Red Hat Bugzilla – Bug 123695
tg3 performance slows when running oracle and does not recover
Last modified: 2007-11-30 17:07:01 EST
From Bugzilla Helper:
User-Agent: Mozilla/5.0 (compatible; Konqueror/3.2; Linux) (KHTML,
Description of problem:
I've been working with a customer on an 8way x440 connected w/
onboard tg3 to gigabit ethernet. Started with RHEL3-U1, and upgraded
to the RHEL3-U2 errata kernel (2.4.21-15.EL) to resolve SCSI RAID
performance issues (bug #104633). After rebooting, running scp (using
blowfish) gets around 20-25MB/sec, and things run well as expected.

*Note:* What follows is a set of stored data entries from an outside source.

lemma ham_eigenfun_orthogonal:
  assumes "0 < q" "S \<subseteq> {..<n}" "T \<subseteq> {..<n}"
  shows "(\<Sum>x\<in>ham_X n q. ham_eigenfun q S x * ham_eigenfun q T x) =
    (if S = T then real q ^ n * (real q - 1) ^ card S else 0)"
proof -
  define e where "e i v = (if i \<in> S then coord_char q v else 1) * (if i \<in> T then coord_char q v else 1)" for i v
  have "(\<Sum>x\<in>ham_X n q. ham_eigenfun q S x * ham_eigenfun q T x) = (\<Sum>x\<in>ham_X n q. \<Prod>i<n. e i (x i))"
    unfolding ham_eigenfun_as_prod[OF assms(2)] ham_eigenfun_as_prod[OF assms(3)] e_def
    by (simp add: prod.distrib)
  also have "\<dots> = (\<Prod>i<n. \<Sum>v<q. e i v)"
    unfolding ham_X_def by (subst prod_sum_PiE) auto
  also have "\<dots> = (\<Prod>i<n. if i \<in> S \<and> i \<in> T then real q * (real q - 1)
                           else if i \<in> S \<or> i \<in> T then 0 else real q)"
    using sum_coord_char[OF assms(1)] sum_coord_char_squared[OF assms(1)]
    by (intro prod.cong) (auto simp: e_def power2_eq_square)
  also have "\<dots> = (if S = T then real q ^ n * (real q - 1) ^ card S else 0)"
  proof (cases "S = T")
    case True
    have "(\<Prod>i<n. if i \<in> S \<and> i \<in> T then real q * (real q - 1) else if i \<in> S \<or> i \<in> T then 0 else real q)
        = (\<Prod>i<n. if i \<in> S then real q * (real q - 1) else real q)"
      using True by (intro prod.cong) auto
    moreover have "card S \<le> n" using assms(2) by (metis card_lessThan card_mono finite_lessThan)
    hence "real q ^ n = real q ^ card S * real q ^ (n - card S)"
      by (simp flip: power_add)
    ultimately show ?thesis
      using True assms(2) by (simp add: prod_if_mem power_mult_distrib)
  next
    case False
    then obtain i where "i \<in> S \<and> i \<notin> T \<or> i \<in> T \<and> i \<notin> S" by blast
    moreover from this have "i < n" using assms by auto
    ultimately show ?thesis using False by (intro trans[OF prod_zero]) auto
  qed
  finally show ?thesis .
qed

lemma sum_ham_eigenfun:
  assumes "x \<in> ham_X n q"
  shows "(\<Sum>S\<in>Pow {..<n}. ham_eigenfun q S x) = (if x = ham_x0 n then real q ^ n else 0)"
proof -
  have "(\<Sum>S\<in>Pow {..<n}. ham_eigenfun q S x) = (\<Prod>i<n. coord_char q (x i) + 1)"
    unfolding ham_eigenfun_def by (subst prod_add) auto
  also have "\<dots> = (\<Prod>i<n. if x i = 0 then real q else 0)"
    by (intro prod.cong) (auto simp: coord_char_def)
  also have "\<dots> = (if x = ham_x0 n then real q ^ n else 0)"
  proof (cases "x = ham_x0 n")
    case False
    have "\<exists>i<n. x i \<noteq> 0"
    proof (rule ccontr)
      assume "\<not> (\<exists>i<n. x i \<noteq> 0)"
      hence "x = ham_x0 n"
        using assms by (auto simp: ham_x0_def ham_X_def PiE_def extensional_def fun_eq_iff)
      thus False using False by contradiction
    qed
    then obtain i where "i < n" "x i \<noteq> 0" by blast
    thus ?thesis using False by (intro trans[OF prod_zero]) auto
  qed (simp add: ham_x0_def)
  finally show ?thesis .
qed

lemma ham_nu_expansion:
  assumes "2 \<le> q" "0 < n" "x \<in> ham_X n q"
  shows "ham_nu n q k x = (\<Sum>S\<in>Pow {..<n}. ham_eigenval n q S ^ k * ham_eigenfun q S x) / real q ^ n"
  using assms(3) unfolding ham_nu_def
proof (induction k arbitrary: x)
  case 0
  thus ?case using assms(1) by (simp add: sum_ham_eigenfun eq_commute[of "ham_x0 n"])
next
  case (Suc k)
  have "ham_pk n q (Suc k) (ham_x0 n) x =
      (\<Sum>z\<in>ham_X n q. \<Sum>S\<in>Pow {..<n}. ham_eigenval n q S ^ k * (ham_eigenfun q S z * ham_p n q z x)) / real q ^ n"
    using Suc.IH by (simp add: sum_divide_distrib sum_distrib_right mult.assoc)
  also have "\<dots> = (\<Sum>S\<in>Pow {..<n}. ham_eigenval n q S ^ k *
                     (\<Sum>z\<in>ham_X n q. ham_eigenfun q S z * ham_p n q z x)) / real q ^ n"
    by (subst sum.swap) (simp add: sum_distrib_left)
  also have "\<dots> = (\<Sum>S\<in>Pow {..<n}. ham_eigenval n q S ^ Suc k * ham_eigenfun q S x) / real q ^ n"
    using sum_ham_eigenfun_mult_ham_p[OF assms(1,2) Suc.prems] by (intro arg_cong[where f = "\<lambda>t. t / _"] sum.cong) auto
  finally show ?case .
qed

lemma ham_nu_minus_pi:
  assumes "2 \<le> q" "0 < n" "x \<in> ham_X n q"
  shows "ham_nu n q k x - ham_pi n q x =
    (\<Sum>S\<in>Pow {..<n} - {{}}. ham_eigenval n q S ^ k * ham_eigenfun q S x) / real q ^ n"
proof -
  have "(\<Sum>S\<in>Pow {..<n}. ham_eigenval n q S ^ k * ham_eigenfun q S x) =
      1 + (\<Sum>S\<in>Pow {..<n} - {{}}. ham_eigenval n q S ^ k * ham_eigenfun q S x)"
    by (subst sum.remove[of _ "{}"]) auto
  thus ?thesis
    using assms by (simp add: ham_nu_expansion ham_pi_def card_ham_X add_divide_distrib)
qed

lemma sum_ham_nu_minus_pi:
  assumes "2 \<le> q" "0 < n"
  shows "(\<Sum>x\<in>ham_X n q. ham_nu n q k x - ham_pi n q x) = 0"
proof -
  have "(\<Sum>x\<in>ham_X n q. ham_nu n q k x - ham_pi n q x) =
      (\<Sum>S\<in>Pow {..<n} - {{}}. ham_eigenval n q S ^ k *
         (\<Sum>x\<in>ham_X n q. ham_eigenfun q S x * ham_eigenfun q {} x)) / real q ^ n"
    using assms by (simp add: ham_nu_minus_pi sum_distrib_left sum_divide_distrib[symmetric])
                   (rule sum.swap)
  also have "\<dots> = 0"
    using assms by (subst sum.neutral) (auto simp: ham_eigenfun_orthogonal simp del: ham_eigenfun_empty)
  finally show ?thesis .
qed

lemma sum_squared_ham_nu_minus_pi:
  assumes "2 \<le> q" "0 < n"
  shows "(\<Sum>x\<in>ham_X n q. (ham_nu n q k x - ham_pi n q x)\<^sup>2) =
    (\<Sum>S\<in>Pow {..<n} - {{}}. (real q - 1) ^ card S * ham_eigenval n q S ^ (2 * k)) / real q ^ n"
proof -
  let ?P = "Pow {..<n} - {{}}" and ?ev = "\<lambda>S. ham_eigenval n q S ^ k"
  have "(\<Sum>x\<in>ham_X n q. (ham_nu n q k x - ham_pi n q x)\<^sup>2) =
      (\<Sum>x\<in>ham_X n q. \<Sum>S\<in>?P. \<Sum>T\<in>?P. ?ev S * ?ev T * (ham_eigenfun q S x * ham_eigenfun q T x))
        / (real q ^ n * real q ^ n)"
    using assms by (simp add: ham_nu_minus_pi power2_eq_square sum_product sum_divide_distrib mult_ac)
  also have "\<dots> = (\<Sum>S\<in>?P. \<Sum>T\<in>?P. ?ev S * ?ev T *
                     (\<Sum>x\<in>ham_X n q. ham_eigenfun q S x * ham_eigenfun q T x)) / (real q ^ n * real q ^ n)"
    by (simp add: sum_distrib_left sum.swap[of _ "ham_X n q"])
  also have "\<dots> = (\<Sum>S\<in>?P. ?ev S * ?ev S * (real q ^ n * (real q - 1) ^ card S)) / (real q ^ n * real q ^ n)"
    using assms
    by (intro arg_cong[where f = "\<lambda>t. t / _"] sum.cong refl)
       (auto simp: ham_eigenfun_orthogonal if_distrib[where f = "\<lambda>t. _ * t"] sum.delta cong: if_cong)
  also have "\<dots> = (\<Sum>S\<in>?P. (real q - 1) ^ card S * ham_eigenval n q S ^ (2 * k)) / real q ^ n"
    unfolding sum_divide_distrib using assms
    by (intro sum.cong refl) (simp add: mult_2 power_add)
  finally show ?thesis .
qed

theorem ham_tv_dist_squared_le:
  assumes "2 \<le> q" "0 < n"
  shows "(tv_dist (ham_X n q) (ham_nu n q k) (ham_pi n q))\<^sup>2 \<le>
    (\<Sum>S\<in>Pow {..<n} - {{}}. (real q - 1) ^ card S * ham_eigenval n q S ^ (2 * k)) / 4"
  using tv_dist_squared_le[OF finite_ham_X sum_ham_nu_minus_pi[OF assms]] assms
  by (simp add: sum_squared_ham_nu_minus_pi card_ham_X)

section \<open>The estimate for \<open>q = 4\<close>\<close>

lemma exp_le_nine_pow: "exp (2 * real k) \<le> 9 ^ k"
proof -
  have "exp (2 * real k) = (exp 1 ^ 2) ^ k"
    by (simp flip: exp_of_nat_mult power_mult)
  also have "\<dots> \<le> (3 ^ 2) ^ k"
    using exp_le by (intro power_mono) auto
  finally show ?thesis by simp
qed

lemma four_le_exp_three_halves: "4 \<le> exp (3 / 2 :: real)"
proof -
  have "(1 + (3 / 2) / real 10) ^ 10 \<le> exp (3 / 2 :: real)"
    by (rule exp_ge_one_plus_x_over_n_power_n) auto
  thus ?thesis by (simp add: power_def)
qed

lemma four_pow_le_exp:
  assumes "2 \<le> n"
  shows "4 ^ n \<le> 8 * exp (3 * real n / 4 * ln (3 * real n))"
proof (cases "n = 2")
  case True
  have "exp 1 \<le> (6 :: real)" using exp_le by simp
  hence "1 \<le> ln (6 :: real)" by (subst ln_ge_iff) auto
  hence "1 + 3 / 2 \<le> 1 + 3 * real n / 4 * ln (3 * real n)"
    using True by simp
  also have "\<dots> \<le> exp (3 * real n / 4 * ln (3 * real n))"
    by (rule exp_ge_add_one_self)
  finally show ?thesis using True by simp
next
  case False
  have "9 \<le> 3 * real n" using False assms by simp
  hence "exp 2 \<le> 3 * real n"
    using exp_le_nine_pow[of 1] by simp
  hence "2 \<le> ln (3 * real n)" using assms by (subst ln_ge_iff) auto
  have "(4 :: real) ^ n \<le> exp (3 / 2) ^ n"
    using four_le_exp_three_halves by (intro power_mono) auto
  also have "\<dots> = exp (3 * real n / 4 * 2)"
    by (simp flip: exp_of_nat_mult)
  also have "\<dots> \<le> exp (3 * real n / 4 * ln (3 * real n))"
    using mult_left_mono[OF \<open>2 \<le> ln (3 * real n)\<close>, of "real n"] by simp
  finally show ?thesis using exp_ge_zero[of "3 * real n / 4 * ln (3 * real n)"] by linarith
qed

lemma four_pow_div_nine_pow_le:
  assumes "2 \<le> n" "0 < c" "real k = 3 * real n / 8 * (ln (3 * real n) + c)"
  shows "4 ^ n / 9 ^ k \<le> 8 * exp (- c)"
proof -
  have "c \<le> 3 * real n / 4 * c" using assms(1,2) by simp
  hence "3 * real n / 4 * ln (3 * real n) + c \<le> 2 * real k"
    using assms(3) by (simp add: algebra_simps)
  hence "exp (3 * real n / 4 * ln (3 * real n) + c) \<le> 9 ^ k"
    using exp_le_nine_pow[of k] by (meson exp_le_cancel_iff order_trans)
  hence "exp (3 * real n / 4 * ln (3 * real n)) * exp c \<le> 9 ^ k"
    by (simp add: exp_add)
  have "4 ^ n * exp c \<le> 8 * exp (3 * real n / 4 * ln (3 * real n)) * exp c"
    using four_pow_le_exp[OF assms(1)] by (intro mult_right_mono) auto
  also have "\<dots> \<le> 8 * 9 ^ k"
    using \<open>exp (3 * real n / 4 * ln (3 * real n)) * exp c \<le> 9 ^ k\<close> by simp
  finally show ?thesis by (simp add: exp_minus field_simps)
qed

lemma three_pow_mult_power_le:
  fixes n j k :: nat and u :: real
  assumes "0 < n" "j \<le> n" "0 \<le> u" and u: "exp (- 8 * real k / (3 * real n)) = u / (3 * real n)"
  shows "3 ^ j * (1 - 4 * real j / (3 * real n)) ^ (2 * k) \<le> (u / real n) ^ j + 3 ^ j / 9 ^ k"
proof -
  define x where "x = 4 * real j / (3 * real n)"
  show ?thesis
  proof (cases "x \<le> 1")
    case True
    have "(1 - x) ^ (2 * k) \<le> exp (- x) ^ (2 * k)"
      using True exp_ge_add_one_self[of "- x"] by (intro power_mono) auto
    also have "\<dots> = exp (real (2 * k) * (- x))"
      by (rule exp_of_nat_mult[symmetric])
    also have "real (2 * k) * (- x) = real j * (- 8 * real k / (3 * real n))"
      using assms(1) by (simp add: x_def field_simps)
    also have "exp \<dots> = (u / (3 * real n)) ^ j"
      by (simp only: exp_of_nat_mult u)
    finally have "3 ^ j * (1 - x) ^ (2 * k) \<le> 3 ^ j * (u / (3 * real n)) ^ j"
      by simp
    also have "\<dots> = (u / real n) ^ j"
      by (simp flip: power_mult_distrib)
    finally show ?thesis unfolding x_def by (simp add: add_increasing2)
  next
    case False
    have "x \<le> 4 / 3" using assms(1,2) by (simp add: x_def field_simps)
    hence "(x - 1)\<^sup>2 \<le> (1 / 3)\<^sup>2"
      using False by (intro power_mono) auto
    hence "(1 - x)\<^sup>2 \<le> 1 / 9"
      by (simp add: power2_commute power_divide)
    hence "((1 - x)\<^sup>2) ^ k \<le> (1 / 9) ^ k"
      by (intro power_mono) auto
    hence "3 ^ j * (1 - x) ^ (2 * k) \<le> 3 ^ j / 9 ^ k"
      by (simp add: power_mult power_one_over divide_simps)
    moreover have "0 \<le> (u / real n) ^ j" using assms(3) by simp
    ultimately show ?thesis unfolding x_def by linarith
  qed
qed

However, shortly after starting Oracle9i, network performance begins
to suffer. System load is neglagible on the box. Even after killing
off Oracle, scp performance is terrible, running from 6MB/sec to as
low as 1.8Mb/s.
So far we've seen it happen about 3 times. Bringing the interface
down and removing the module, then bringing the interface back up
does not help. I've verified that the problem isn't traffic on the
network, as I plugged my laptop (w/ gigabit) directly into the system
before and after we started to see the problem and the throughput was
the same in both cases (fine in one, terrible in another).
Version-Release number of selected component (if applicable):
3 of 3 times reproduced.
Steps to Reproduce:
1. Boot linux-2.4.21-15.EL.smp kernel
2. Do some scp tests, note performance level
3. Start oracle
4. Wait for awhile (within 30 minutes)
5. Stop oracle
6. re-run scp tests
Actual Results: Low performance noted (6-1.5MB/s)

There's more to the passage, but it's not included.